- Exercise objective
Only a number is wanted: how many lines of the entries include the string "rule"?

[Collected data entries]

*** Begin section ***

lemma eventually_dF_le:
  fixes n :: nat and c :: "nat \<Rightarrow> complex"
  assumes n2: "n \<ge> 2" and \<epsilon>: "\<epsilon> > 0"
  shows "\<forall>\<^sub>F a in at_infinity.
           dF (proots (shift_poly (c (n - 1) / of_nat n) (monom 1 n + [:a ^ n:])))
              (proots (monom 1 n + (\<Sum>k = 1..n - 1. monom (c k) k) + [:a ^ n:])) \<le> \<epsilon>"
proof -
  define \<beta> where "\<beta> = c (n - 1) / of_nat n"
  obtain D where D: "\<forall>z. cmod ((z^n + (\<Sum>k=1..n-1. c k * z^k)) - (\<beta> + z)^n) \<le> D * (1 + cmod z)^(n-2)"
    using lower_terms_difference_bound[OF n2, of c] unfolding \<beta>_def by (elim exE)
  obtain \<delta> where \<delta>: "\<delta> > 0" "\<forall>w w'. w^n = -1 \<and> w'^n = -1 \<and> w \<noteq> w' \<longrightarrow> \<delta> \<le> cmod (w - w')"
    using roots_of_minus_one_separated[of n] n2 by auto
  have "\<forall>\<^sub>F a in at_infinity. cmod \<beta> + 1 \<le> cmod a \<and> \<epsilon> < \<delta> * cmod a / 2
          \<and> D * (1 + 4/\<delta>)^(n-2) < \<epsilon> * (\<delta> * cmod a / 2)"
    by (rule eventually_norm_large[OF \<delta>(1) \<epsilon>])
  then show ?thesis
  proof (rule eventually_mono)
    fix a :: complex
    assume "cmod \<beta> + 1 \<le> cmod a \<and> \<epsilon> < \<delta> * cmod a / 2 \<and> D * (1 + 4/\<delta>)^(n-2) < \<epsilon> * (\<delta> * cmod a / 2)"
    then show "dF (proots (shift_poly (c (n - 1) / of_nat n) (monom 1 n + [:a ^ n:])))
        (proots (monom 1 n + (\<Sum>k = 1..n - 1. monom (c k) k) + [:a ^ n:])) \<le> \<epsilon>"
      using dF_le_for_large_a[OF n2 \<delta>(2) \<delta>(1) D[unfolded \<beta>_def] \<epsilon>] unfolding \<beta>_def by blast
  qed
qed

theorem corollary4p6:
  fixes n :: nat and c :: "nat \<Rightarrow> complex"
  assumes "n \<ge> 2"
  shows "((\<lambda>a::complex.
            dF (proots (shift_poly (c (n - 1) / of_nat n) (monom 1 n + [:a ^ n:])))
               (proots (monom 1 n + (\<Sum>k = 1..n - 1. monom (c k) k) + [:a ^ n:])))
          \<longlongrightarrow> 0) at_infinity"
proof (rule tendstoI)
  fix \<epsilon> :: real assume "\<epsilon> > 0"
  then have "\<epsilon> / 2 > 0" by simp
  from eventually_dF_le[OF assms this, of c]
  show "\<forall>\<^sub>F a in at_infinity.
          dist (dF (proots (shift_poly (c (n - 1) / of_nat n) (monom 1 n + [:a ^ n:])))
                   (proots (monom 1 n + (\<Sum>k = 1..n - 1. monom (c k) k) + [:a ^ n:]))) 0 < \<epsilon>"
    (is "\<forall>\<^sub>F a in _. dist (?d a) 0 < _")
  proof (rule eventually_mono)
    fix a assume le: "?d a \<le> \<epsilon> / 2"
    have "0 < size (proots (shift_poly (c (n - 1) / of_nat n) (monom 1 n + [:a ^ n:])))"
      using assms shifted_binomial(2) size_proots_complex by simp
    then have "0 \<le> ?d a" by (rule dF_nonneg)
    then show "dist (?d a) 0 < \<epsilon>" using le \<open>\<epsilon> > 0\<close> by simp
  qed
qed

end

*** End section ***

- Response for this exercise
5